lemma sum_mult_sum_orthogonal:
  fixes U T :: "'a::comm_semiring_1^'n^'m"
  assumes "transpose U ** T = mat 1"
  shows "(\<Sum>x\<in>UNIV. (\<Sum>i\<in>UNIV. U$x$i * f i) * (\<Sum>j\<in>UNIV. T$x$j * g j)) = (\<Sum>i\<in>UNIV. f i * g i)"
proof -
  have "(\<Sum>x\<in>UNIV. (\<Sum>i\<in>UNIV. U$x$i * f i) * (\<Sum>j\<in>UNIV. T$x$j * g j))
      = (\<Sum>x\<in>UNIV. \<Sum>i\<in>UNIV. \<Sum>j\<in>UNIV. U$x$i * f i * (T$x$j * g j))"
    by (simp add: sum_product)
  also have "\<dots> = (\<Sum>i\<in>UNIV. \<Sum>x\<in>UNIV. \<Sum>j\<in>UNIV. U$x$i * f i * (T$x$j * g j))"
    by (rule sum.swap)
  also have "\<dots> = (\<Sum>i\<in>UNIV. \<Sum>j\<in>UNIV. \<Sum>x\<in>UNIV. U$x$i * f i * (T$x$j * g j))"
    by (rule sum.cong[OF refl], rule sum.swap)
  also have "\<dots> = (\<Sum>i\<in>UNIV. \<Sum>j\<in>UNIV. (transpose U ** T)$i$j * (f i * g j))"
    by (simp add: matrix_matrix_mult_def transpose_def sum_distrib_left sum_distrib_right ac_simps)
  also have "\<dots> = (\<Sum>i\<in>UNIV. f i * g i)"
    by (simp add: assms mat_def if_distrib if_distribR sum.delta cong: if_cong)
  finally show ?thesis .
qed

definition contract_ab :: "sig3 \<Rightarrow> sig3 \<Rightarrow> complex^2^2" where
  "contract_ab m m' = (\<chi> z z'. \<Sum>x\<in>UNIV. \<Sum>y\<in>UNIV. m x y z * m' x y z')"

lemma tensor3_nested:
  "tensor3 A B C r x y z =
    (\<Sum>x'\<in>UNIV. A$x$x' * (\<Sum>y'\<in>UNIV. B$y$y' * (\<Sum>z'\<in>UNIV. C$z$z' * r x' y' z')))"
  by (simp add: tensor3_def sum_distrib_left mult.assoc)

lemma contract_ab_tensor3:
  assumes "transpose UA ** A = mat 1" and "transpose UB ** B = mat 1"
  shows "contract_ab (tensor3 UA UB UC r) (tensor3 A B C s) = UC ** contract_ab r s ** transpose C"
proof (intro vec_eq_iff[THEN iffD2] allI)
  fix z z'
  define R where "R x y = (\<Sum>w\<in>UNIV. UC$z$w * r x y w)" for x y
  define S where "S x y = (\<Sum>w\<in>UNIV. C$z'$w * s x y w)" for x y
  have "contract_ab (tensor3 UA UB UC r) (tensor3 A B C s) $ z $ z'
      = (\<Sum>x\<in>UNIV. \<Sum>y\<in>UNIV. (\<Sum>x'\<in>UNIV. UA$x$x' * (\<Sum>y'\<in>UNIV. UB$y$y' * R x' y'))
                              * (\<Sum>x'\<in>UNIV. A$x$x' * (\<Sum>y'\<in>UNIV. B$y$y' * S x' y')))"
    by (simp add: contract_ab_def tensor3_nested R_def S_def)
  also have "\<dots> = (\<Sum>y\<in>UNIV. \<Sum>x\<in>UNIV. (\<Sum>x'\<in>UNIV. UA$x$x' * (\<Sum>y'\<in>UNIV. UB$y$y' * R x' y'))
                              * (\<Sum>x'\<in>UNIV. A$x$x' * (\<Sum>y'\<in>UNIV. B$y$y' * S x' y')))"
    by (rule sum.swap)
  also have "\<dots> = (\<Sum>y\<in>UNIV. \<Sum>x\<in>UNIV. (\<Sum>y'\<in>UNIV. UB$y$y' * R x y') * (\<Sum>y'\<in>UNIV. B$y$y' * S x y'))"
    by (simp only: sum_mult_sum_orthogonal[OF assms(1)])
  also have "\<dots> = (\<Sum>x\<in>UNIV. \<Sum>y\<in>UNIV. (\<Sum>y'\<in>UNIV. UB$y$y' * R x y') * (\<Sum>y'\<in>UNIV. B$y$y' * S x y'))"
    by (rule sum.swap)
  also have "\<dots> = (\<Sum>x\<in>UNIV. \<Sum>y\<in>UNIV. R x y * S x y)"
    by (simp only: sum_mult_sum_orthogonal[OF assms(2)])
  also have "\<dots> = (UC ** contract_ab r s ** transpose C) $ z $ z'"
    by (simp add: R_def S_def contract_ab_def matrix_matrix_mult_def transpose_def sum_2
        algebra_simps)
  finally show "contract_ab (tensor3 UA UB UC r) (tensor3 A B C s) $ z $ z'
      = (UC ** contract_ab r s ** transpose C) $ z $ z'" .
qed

※ ※ ※

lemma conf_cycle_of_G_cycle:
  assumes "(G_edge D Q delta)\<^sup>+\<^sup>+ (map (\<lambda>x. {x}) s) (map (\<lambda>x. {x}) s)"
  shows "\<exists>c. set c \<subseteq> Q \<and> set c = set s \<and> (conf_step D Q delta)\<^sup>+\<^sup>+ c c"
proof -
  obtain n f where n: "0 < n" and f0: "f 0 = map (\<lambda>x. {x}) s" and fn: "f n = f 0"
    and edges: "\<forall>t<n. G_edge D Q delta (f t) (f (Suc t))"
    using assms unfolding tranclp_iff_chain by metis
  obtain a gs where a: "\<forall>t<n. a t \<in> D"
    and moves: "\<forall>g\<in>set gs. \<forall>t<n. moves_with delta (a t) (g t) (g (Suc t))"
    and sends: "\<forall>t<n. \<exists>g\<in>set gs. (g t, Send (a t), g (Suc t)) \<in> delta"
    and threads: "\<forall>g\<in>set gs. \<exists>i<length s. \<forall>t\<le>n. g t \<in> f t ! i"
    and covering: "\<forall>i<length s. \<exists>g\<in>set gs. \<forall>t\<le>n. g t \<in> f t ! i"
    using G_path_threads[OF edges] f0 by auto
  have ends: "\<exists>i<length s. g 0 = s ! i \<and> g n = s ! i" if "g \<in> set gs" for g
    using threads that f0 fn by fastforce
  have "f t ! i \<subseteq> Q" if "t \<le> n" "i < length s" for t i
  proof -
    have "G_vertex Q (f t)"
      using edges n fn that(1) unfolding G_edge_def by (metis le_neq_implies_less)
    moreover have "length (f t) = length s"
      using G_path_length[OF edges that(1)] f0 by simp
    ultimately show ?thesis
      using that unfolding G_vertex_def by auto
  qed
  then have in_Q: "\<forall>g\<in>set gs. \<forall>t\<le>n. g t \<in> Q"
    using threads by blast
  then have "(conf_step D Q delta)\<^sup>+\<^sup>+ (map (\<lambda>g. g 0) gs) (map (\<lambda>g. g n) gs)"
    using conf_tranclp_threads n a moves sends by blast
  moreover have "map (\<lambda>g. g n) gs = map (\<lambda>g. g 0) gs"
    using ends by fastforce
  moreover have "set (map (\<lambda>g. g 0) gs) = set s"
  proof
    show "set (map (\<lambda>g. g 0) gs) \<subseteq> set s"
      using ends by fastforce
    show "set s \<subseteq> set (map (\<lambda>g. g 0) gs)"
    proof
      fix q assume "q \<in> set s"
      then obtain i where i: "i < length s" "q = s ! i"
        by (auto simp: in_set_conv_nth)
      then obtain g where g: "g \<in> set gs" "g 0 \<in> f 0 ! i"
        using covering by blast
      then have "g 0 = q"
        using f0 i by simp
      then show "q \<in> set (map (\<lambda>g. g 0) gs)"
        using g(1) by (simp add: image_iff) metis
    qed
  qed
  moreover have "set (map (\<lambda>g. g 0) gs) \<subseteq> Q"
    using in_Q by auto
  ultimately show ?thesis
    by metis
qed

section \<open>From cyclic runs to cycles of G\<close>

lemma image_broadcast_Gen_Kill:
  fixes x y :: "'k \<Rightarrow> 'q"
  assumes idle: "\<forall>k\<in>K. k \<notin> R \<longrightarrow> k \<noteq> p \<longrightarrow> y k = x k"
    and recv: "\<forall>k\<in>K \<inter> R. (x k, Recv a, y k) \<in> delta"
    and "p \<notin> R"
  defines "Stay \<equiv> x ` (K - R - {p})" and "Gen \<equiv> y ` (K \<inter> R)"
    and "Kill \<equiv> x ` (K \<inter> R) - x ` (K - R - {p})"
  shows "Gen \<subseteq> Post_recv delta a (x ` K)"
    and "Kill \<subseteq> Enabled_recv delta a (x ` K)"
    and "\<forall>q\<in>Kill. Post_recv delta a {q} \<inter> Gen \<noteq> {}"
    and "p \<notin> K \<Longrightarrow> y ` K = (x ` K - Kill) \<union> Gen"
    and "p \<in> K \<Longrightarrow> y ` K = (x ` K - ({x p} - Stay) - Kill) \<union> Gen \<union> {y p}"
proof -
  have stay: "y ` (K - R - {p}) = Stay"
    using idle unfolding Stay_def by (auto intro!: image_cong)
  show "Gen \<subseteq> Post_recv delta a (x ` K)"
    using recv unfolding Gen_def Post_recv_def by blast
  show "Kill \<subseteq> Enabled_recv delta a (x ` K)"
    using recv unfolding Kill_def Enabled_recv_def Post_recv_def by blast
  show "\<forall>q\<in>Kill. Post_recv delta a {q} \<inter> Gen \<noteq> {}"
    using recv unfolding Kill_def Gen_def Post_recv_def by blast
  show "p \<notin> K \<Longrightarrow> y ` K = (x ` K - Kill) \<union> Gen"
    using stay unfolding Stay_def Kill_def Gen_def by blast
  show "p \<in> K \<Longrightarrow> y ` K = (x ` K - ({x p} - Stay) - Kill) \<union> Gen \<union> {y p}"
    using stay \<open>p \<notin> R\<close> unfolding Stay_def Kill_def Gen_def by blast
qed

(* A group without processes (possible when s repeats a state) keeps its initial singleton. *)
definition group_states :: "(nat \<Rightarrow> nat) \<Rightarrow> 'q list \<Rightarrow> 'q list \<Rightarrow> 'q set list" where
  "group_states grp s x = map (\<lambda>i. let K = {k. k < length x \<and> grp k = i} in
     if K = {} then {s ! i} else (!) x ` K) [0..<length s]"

※ ※ ※

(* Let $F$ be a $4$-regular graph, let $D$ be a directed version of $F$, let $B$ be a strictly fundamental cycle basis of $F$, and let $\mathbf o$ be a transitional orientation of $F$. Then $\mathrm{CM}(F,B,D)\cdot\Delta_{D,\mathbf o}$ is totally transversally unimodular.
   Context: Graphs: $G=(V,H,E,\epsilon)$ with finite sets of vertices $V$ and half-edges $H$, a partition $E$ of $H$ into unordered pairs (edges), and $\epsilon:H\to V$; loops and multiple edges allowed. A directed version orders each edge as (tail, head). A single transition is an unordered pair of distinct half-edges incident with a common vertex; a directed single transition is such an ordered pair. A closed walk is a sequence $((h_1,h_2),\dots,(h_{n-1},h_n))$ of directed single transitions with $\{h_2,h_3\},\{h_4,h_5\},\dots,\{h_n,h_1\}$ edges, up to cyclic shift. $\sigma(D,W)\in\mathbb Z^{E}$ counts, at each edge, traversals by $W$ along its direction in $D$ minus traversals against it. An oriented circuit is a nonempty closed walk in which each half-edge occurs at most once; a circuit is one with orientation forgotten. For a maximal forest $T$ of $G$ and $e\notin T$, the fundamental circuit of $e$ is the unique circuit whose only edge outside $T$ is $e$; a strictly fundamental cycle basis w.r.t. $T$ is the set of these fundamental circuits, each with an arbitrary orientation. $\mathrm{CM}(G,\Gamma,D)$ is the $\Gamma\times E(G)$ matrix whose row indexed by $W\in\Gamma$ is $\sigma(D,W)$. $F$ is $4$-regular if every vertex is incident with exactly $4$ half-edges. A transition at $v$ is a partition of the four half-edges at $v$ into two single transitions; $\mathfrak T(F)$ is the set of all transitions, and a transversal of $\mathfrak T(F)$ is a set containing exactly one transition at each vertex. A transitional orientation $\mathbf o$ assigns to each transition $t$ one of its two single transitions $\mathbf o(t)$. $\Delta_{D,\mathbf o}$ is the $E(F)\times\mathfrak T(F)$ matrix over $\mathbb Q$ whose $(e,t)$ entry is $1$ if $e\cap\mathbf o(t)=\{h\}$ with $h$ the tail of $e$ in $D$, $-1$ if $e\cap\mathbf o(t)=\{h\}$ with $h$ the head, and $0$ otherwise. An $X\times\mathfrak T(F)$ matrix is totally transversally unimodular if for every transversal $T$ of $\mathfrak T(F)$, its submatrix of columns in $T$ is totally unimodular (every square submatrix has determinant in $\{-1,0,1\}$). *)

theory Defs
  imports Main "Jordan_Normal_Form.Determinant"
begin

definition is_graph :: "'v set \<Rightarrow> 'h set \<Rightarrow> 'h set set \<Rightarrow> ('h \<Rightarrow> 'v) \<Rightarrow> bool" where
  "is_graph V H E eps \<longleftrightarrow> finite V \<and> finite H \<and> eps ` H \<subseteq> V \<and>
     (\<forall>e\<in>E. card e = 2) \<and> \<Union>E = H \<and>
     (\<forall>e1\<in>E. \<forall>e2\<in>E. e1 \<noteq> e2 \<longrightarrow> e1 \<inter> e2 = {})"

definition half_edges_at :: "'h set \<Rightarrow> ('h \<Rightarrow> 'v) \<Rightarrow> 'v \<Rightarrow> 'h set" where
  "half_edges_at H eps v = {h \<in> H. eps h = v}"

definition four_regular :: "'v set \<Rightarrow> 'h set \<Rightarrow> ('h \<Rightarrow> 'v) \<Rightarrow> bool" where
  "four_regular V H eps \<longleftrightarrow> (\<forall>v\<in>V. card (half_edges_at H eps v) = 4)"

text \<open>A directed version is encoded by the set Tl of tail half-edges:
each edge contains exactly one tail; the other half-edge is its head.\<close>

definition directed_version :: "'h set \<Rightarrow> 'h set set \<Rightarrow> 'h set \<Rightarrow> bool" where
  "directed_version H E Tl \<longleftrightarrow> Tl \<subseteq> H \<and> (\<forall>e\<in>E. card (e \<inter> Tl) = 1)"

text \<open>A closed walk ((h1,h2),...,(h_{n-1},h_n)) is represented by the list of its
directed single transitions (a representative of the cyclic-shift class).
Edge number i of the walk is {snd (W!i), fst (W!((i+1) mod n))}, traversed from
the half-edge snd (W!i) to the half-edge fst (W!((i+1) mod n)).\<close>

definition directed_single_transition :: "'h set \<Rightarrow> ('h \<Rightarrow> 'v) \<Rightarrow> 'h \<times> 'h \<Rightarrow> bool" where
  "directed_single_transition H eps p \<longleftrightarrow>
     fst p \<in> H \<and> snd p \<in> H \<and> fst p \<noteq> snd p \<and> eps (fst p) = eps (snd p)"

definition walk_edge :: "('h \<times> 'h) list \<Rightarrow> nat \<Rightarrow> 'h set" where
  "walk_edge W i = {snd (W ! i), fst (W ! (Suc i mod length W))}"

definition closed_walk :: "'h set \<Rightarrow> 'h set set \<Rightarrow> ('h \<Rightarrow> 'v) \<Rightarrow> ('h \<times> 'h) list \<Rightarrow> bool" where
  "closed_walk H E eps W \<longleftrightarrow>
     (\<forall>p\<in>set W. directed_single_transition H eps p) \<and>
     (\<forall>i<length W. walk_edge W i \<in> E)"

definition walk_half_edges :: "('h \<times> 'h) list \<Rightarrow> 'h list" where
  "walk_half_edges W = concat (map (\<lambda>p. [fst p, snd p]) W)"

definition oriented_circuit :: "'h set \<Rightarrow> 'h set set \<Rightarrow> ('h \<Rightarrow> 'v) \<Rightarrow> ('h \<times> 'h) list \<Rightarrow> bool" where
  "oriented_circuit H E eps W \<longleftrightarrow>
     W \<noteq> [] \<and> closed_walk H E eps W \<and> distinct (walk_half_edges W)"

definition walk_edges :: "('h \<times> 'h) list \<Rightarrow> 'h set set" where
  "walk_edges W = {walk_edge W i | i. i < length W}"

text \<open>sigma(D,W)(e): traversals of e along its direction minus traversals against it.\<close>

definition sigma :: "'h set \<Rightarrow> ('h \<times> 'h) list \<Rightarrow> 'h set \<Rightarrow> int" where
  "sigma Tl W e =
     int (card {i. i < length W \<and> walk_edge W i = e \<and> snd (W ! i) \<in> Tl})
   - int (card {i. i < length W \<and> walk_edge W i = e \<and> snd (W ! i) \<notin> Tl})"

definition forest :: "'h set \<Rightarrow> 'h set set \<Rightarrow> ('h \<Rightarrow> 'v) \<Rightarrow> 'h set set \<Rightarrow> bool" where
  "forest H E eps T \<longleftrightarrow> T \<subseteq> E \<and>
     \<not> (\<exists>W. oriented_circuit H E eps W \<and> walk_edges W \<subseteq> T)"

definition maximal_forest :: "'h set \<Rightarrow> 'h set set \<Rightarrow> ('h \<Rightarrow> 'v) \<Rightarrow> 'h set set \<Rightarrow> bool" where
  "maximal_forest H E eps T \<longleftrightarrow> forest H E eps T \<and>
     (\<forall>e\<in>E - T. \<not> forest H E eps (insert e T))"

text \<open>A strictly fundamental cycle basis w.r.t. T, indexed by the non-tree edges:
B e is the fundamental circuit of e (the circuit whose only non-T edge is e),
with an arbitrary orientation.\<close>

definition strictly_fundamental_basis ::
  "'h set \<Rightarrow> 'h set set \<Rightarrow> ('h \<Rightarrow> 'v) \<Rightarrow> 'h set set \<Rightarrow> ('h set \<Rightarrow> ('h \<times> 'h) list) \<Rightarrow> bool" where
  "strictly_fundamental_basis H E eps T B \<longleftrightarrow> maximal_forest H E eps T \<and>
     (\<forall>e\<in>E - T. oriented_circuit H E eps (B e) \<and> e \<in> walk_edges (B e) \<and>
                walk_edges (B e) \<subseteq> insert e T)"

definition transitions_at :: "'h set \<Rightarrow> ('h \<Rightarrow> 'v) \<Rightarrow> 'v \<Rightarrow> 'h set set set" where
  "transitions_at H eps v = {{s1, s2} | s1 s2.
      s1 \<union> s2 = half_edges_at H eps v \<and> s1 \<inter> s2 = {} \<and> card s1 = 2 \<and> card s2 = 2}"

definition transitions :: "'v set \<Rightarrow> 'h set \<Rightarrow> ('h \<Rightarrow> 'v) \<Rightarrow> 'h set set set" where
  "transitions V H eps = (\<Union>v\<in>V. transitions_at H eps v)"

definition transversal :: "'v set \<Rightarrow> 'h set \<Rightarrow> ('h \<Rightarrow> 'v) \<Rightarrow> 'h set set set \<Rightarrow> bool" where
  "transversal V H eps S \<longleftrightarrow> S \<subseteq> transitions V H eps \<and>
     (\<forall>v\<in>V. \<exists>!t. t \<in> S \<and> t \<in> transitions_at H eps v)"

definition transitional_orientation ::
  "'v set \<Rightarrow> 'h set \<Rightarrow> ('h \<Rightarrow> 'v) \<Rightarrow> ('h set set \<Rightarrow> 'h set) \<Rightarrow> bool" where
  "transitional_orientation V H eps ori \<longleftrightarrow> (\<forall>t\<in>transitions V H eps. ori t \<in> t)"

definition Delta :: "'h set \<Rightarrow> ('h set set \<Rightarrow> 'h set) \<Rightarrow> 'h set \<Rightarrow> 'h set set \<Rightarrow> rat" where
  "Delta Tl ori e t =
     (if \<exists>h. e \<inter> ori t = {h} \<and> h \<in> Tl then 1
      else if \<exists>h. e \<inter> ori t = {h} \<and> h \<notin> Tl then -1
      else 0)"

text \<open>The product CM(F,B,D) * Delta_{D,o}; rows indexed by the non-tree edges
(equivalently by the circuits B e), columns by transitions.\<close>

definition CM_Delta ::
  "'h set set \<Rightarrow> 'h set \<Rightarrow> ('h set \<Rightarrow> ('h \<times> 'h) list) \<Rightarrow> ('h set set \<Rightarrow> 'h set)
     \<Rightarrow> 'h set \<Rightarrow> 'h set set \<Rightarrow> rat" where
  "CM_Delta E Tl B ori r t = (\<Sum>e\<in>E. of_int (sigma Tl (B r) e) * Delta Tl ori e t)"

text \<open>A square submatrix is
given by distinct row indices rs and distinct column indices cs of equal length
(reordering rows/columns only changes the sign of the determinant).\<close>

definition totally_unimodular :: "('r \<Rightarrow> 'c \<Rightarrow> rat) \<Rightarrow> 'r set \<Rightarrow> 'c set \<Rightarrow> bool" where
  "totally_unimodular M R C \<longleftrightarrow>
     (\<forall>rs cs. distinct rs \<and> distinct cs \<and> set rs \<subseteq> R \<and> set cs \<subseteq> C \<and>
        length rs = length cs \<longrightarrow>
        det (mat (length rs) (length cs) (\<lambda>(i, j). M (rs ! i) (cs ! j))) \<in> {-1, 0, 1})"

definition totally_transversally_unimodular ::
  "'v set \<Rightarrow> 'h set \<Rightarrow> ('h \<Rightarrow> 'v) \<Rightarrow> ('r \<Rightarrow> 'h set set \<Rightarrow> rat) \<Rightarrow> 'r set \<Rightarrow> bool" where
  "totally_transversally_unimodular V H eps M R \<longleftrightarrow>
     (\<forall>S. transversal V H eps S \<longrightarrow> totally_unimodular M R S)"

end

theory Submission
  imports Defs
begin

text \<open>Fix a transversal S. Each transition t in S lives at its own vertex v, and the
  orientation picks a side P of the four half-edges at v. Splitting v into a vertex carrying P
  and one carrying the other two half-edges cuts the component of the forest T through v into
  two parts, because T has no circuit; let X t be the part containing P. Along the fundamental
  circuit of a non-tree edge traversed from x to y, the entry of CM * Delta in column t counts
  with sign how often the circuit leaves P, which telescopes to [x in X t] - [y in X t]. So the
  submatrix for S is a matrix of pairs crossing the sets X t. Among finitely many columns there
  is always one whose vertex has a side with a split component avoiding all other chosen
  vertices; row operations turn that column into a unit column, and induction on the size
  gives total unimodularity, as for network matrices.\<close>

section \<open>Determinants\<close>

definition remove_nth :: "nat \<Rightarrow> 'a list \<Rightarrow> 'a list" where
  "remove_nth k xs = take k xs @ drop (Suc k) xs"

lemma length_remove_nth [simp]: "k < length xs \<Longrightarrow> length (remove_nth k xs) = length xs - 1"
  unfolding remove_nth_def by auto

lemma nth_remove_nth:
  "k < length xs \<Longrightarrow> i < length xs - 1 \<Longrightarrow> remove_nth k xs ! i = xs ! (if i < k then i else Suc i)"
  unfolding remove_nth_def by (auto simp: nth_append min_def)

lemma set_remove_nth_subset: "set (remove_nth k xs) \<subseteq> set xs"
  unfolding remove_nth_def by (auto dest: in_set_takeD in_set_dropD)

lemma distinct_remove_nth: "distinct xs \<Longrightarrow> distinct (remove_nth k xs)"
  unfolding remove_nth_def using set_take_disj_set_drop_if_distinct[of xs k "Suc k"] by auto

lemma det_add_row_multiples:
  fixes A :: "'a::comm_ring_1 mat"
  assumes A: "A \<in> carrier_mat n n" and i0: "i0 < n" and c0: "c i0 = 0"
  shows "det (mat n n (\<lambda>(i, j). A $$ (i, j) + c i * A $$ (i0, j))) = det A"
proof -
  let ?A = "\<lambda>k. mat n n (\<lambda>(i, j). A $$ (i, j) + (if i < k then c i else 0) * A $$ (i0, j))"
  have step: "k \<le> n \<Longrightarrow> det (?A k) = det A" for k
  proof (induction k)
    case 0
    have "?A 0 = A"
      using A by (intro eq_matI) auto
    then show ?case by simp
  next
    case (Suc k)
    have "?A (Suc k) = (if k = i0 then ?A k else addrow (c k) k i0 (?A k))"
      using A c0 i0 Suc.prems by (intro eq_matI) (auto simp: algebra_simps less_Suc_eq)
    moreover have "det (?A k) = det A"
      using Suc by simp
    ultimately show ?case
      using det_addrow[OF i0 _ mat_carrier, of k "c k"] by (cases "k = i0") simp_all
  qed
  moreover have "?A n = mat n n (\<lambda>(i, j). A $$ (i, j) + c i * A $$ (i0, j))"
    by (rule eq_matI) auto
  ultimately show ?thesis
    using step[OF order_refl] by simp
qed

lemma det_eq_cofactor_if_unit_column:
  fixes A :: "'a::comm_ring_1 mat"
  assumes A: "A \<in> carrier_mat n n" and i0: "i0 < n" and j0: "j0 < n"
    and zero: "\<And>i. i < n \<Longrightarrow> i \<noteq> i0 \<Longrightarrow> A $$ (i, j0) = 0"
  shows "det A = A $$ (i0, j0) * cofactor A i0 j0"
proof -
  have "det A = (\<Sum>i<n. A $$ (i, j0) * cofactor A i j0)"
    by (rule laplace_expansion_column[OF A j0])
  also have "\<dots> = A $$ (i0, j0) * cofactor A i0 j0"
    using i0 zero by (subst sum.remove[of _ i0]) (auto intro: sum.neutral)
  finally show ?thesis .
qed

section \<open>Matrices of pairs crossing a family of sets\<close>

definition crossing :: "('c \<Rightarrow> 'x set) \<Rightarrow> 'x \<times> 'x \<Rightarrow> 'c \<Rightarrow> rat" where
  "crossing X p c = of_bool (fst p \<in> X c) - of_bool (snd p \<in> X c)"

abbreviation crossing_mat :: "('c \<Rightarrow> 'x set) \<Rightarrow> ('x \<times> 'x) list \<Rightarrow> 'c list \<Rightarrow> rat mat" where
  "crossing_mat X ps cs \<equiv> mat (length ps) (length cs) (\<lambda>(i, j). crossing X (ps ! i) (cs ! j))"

※ ※ ※

**Work to complete**
When the word "metis" turns up on a line of the material above, copy that line.

**Your solution**
    using assms unfolding tranclp_iff_chain by metis
      using edges n fn that(1) unfolding G_edge_def by (metis le_neq_implies_less)
        using g(1) by (simp add: image_iff) metis
    by metis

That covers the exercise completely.